* **WORK TO BE COMPLETED**
Below are some records. Say how many of their lines include the string "open", giving only the number.

----- DATA RECORDS

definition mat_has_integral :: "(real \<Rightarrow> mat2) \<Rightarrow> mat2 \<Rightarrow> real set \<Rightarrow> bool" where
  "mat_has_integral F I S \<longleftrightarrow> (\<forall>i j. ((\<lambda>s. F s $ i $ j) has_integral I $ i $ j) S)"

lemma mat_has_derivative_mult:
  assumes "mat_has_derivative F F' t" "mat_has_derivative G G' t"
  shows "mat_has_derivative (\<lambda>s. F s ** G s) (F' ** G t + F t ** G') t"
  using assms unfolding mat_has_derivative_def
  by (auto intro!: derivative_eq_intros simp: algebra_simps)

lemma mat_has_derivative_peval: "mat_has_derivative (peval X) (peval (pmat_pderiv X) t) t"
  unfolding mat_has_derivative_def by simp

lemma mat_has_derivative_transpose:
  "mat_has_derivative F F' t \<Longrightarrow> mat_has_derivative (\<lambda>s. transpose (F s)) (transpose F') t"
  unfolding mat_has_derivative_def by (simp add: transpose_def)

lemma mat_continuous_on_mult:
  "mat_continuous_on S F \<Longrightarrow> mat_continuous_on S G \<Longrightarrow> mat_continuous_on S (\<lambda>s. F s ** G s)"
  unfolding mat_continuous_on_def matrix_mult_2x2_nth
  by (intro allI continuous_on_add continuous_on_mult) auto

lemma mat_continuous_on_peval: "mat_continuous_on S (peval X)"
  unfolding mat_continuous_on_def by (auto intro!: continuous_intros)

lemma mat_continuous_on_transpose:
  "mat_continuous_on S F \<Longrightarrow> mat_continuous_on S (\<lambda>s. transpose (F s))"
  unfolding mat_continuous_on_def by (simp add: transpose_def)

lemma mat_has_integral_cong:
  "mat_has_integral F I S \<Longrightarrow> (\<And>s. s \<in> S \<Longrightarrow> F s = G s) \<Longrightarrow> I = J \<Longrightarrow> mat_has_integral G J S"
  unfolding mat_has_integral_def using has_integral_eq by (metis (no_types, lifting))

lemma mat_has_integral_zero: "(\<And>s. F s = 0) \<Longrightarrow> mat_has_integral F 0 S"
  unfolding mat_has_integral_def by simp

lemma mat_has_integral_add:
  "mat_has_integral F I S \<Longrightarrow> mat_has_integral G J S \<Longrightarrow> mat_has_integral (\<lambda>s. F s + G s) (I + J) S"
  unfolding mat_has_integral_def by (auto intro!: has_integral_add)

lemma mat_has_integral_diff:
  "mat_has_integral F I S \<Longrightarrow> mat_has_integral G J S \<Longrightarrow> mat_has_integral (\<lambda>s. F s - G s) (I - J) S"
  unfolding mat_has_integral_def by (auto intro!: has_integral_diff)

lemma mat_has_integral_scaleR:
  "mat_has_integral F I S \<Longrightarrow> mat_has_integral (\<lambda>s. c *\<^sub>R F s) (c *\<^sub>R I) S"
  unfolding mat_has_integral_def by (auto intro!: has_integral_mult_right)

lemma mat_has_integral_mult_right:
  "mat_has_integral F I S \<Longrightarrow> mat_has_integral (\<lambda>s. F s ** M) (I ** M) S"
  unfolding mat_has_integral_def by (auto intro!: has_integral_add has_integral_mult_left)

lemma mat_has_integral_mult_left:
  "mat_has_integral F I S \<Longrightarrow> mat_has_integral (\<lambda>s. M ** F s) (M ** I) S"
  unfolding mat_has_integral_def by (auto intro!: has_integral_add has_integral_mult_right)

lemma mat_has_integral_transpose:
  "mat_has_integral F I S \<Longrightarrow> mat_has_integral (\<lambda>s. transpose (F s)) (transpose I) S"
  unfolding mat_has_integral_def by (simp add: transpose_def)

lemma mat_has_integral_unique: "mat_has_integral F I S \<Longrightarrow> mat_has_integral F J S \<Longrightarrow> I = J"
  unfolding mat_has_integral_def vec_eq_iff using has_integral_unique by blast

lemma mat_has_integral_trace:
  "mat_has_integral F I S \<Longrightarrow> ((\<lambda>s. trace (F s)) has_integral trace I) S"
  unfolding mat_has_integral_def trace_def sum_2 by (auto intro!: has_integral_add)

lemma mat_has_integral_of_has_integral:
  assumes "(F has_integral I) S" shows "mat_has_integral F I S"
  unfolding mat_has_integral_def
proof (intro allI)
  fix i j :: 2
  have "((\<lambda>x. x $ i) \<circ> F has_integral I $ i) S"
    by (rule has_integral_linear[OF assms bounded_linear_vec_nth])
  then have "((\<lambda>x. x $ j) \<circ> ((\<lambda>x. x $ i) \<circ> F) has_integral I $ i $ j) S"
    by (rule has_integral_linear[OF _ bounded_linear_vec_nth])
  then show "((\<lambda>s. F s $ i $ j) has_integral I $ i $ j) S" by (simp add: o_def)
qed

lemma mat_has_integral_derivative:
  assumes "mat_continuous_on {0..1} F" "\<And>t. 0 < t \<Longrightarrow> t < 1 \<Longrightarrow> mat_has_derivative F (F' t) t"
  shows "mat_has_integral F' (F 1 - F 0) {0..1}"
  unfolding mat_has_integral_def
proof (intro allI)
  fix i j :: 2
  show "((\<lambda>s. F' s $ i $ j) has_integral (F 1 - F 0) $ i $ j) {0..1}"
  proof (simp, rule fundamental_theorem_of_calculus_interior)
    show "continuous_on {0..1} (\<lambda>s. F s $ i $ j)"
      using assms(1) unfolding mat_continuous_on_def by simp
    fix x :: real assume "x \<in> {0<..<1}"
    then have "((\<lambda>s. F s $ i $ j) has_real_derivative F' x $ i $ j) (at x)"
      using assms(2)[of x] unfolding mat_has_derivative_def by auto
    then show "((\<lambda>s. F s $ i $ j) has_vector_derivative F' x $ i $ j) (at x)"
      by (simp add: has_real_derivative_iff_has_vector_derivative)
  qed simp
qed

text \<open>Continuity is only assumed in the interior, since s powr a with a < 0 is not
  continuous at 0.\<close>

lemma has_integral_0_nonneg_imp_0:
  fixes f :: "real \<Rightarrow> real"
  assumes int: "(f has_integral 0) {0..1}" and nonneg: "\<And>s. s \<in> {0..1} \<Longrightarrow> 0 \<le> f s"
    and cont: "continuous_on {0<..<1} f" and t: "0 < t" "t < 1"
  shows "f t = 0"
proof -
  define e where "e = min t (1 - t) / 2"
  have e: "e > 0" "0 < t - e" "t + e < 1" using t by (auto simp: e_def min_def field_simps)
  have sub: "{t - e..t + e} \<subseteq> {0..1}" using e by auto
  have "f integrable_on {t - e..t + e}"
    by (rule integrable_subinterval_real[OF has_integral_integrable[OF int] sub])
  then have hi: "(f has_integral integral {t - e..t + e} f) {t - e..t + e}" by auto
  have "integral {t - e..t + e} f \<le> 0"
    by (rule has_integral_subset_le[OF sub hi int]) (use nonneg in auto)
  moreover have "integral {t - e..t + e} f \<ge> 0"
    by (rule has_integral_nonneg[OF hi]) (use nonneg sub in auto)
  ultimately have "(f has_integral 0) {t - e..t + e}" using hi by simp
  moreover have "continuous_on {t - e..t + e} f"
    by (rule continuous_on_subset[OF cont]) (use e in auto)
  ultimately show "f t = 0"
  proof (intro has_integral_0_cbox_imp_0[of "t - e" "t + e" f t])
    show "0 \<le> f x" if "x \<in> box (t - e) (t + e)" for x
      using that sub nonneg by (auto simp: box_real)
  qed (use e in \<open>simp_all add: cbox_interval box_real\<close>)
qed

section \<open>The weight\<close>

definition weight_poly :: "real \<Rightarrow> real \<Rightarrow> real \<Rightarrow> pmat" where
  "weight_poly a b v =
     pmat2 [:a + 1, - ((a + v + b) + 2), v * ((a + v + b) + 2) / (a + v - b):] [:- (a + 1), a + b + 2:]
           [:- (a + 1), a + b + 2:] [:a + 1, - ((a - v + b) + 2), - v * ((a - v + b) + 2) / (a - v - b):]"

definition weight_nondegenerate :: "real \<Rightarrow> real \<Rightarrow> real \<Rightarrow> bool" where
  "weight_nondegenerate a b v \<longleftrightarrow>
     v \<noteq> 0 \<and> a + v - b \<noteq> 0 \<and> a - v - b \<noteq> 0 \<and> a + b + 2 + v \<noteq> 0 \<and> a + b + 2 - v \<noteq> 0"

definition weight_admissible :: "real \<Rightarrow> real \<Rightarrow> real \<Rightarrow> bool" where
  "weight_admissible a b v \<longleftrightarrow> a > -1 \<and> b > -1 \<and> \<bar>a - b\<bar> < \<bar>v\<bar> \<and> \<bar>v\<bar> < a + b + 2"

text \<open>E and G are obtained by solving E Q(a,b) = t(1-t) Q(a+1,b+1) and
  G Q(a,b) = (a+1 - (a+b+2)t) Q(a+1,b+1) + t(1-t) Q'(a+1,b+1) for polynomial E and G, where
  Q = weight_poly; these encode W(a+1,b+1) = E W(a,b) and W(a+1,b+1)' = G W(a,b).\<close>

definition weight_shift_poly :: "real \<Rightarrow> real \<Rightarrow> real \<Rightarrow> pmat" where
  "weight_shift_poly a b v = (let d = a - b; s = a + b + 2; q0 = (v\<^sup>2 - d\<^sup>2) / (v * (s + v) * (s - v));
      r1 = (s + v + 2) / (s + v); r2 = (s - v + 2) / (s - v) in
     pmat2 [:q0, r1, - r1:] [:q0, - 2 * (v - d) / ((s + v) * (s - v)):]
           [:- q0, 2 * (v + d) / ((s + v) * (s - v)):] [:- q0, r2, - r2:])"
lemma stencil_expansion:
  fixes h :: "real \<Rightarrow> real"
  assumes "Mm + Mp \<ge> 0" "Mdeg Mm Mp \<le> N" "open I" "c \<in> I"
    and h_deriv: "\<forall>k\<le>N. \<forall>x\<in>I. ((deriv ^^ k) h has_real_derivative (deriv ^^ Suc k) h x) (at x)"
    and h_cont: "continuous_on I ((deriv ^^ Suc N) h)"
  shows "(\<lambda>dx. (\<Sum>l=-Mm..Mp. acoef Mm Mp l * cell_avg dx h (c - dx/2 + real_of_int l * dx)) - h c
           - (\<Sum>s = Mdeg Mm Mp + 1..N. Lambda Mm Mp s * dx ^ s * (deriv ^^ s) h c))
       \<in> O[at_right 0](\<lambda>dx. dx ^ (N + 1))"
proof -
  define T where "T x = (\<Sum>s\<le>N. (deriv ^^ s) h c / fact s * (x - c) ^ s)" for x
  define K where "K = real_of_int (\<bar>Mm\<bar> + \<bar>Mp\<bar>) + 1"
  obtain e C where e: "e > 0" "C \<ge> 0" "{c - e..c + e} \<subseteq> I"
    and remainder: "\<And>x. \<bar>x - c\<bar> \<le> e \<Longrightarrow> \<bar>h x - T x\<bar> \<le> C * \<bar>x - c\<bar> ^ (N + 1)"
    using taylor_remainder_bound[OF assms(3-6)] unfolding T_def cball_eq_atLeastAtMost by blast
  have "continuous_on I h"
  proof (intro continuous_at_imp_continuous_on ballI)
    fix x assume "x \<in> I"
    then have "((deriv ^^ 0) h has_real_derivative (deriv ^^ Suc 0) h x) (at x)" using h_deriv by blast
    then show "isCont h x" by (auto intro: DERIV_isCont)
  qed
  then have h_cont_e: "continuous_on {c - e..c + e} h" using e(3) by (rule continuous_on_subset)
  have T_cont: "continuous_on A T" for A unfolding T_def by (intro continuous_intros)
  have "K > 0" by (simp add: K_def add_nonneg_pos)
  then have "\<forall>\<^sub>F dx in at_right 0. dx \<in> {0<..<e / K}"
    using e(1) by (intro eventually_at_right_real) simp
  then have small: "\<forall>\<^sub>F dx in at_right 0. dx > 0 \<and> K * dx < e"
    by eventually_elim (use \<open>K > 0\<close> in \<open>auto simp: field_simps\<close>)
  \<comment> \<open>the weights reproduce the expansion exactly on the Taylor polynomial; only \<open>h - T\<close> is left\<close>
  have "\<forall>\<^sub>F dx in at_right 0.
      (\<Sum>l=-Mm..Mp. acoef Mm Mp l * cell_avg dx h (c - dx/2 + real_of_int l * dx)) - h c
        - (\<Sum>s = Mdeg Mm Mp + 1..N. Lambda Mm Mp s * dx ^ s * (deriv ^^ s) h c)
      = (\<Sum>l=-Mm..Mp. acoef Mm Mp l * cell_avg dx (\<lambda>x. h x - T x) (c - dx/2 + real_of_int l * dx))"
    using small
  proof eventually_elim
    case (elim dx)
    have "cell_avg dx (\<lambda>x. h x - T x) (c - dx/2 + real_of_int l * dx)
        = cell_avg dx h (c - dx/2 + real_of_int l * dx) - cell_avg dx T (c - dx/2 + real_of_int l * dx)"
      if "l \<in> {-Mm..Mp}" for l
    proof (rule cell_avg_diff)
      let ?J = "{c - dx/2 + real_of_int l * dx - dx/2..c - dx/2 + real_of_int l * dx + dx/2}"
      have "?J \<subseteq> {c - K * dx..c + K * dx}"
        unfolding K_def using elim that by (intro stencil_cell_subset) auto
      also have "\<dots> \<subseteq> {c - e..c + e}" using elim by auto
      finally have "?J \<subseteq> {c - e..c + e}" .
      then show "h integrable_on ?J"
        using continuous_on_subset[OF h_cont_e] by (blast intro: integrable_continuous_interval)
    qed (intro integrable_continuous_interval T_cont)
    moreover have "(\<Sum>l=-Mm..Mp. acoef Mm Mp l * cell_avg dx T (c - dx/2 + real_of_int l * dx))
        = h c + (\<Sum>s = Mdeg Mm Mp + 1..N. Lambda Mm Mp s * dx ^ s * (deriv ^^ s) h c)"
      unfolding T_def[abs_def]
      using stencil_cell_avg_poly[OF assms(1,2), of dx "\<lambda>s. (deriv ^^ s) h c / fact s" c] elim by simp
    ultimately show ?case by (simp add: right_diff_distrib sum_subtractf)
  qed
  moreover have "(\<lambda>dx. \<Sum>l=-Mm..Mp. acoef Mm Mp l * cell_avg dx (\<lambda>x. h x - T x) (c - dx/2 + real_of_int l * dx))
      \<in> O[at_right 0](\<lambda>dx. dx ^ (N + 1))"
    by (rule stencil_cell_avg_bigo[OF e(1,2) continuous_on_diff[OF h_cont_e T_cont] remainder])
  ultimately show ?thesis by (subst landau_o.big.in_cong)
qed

----------

* **RESULT**
7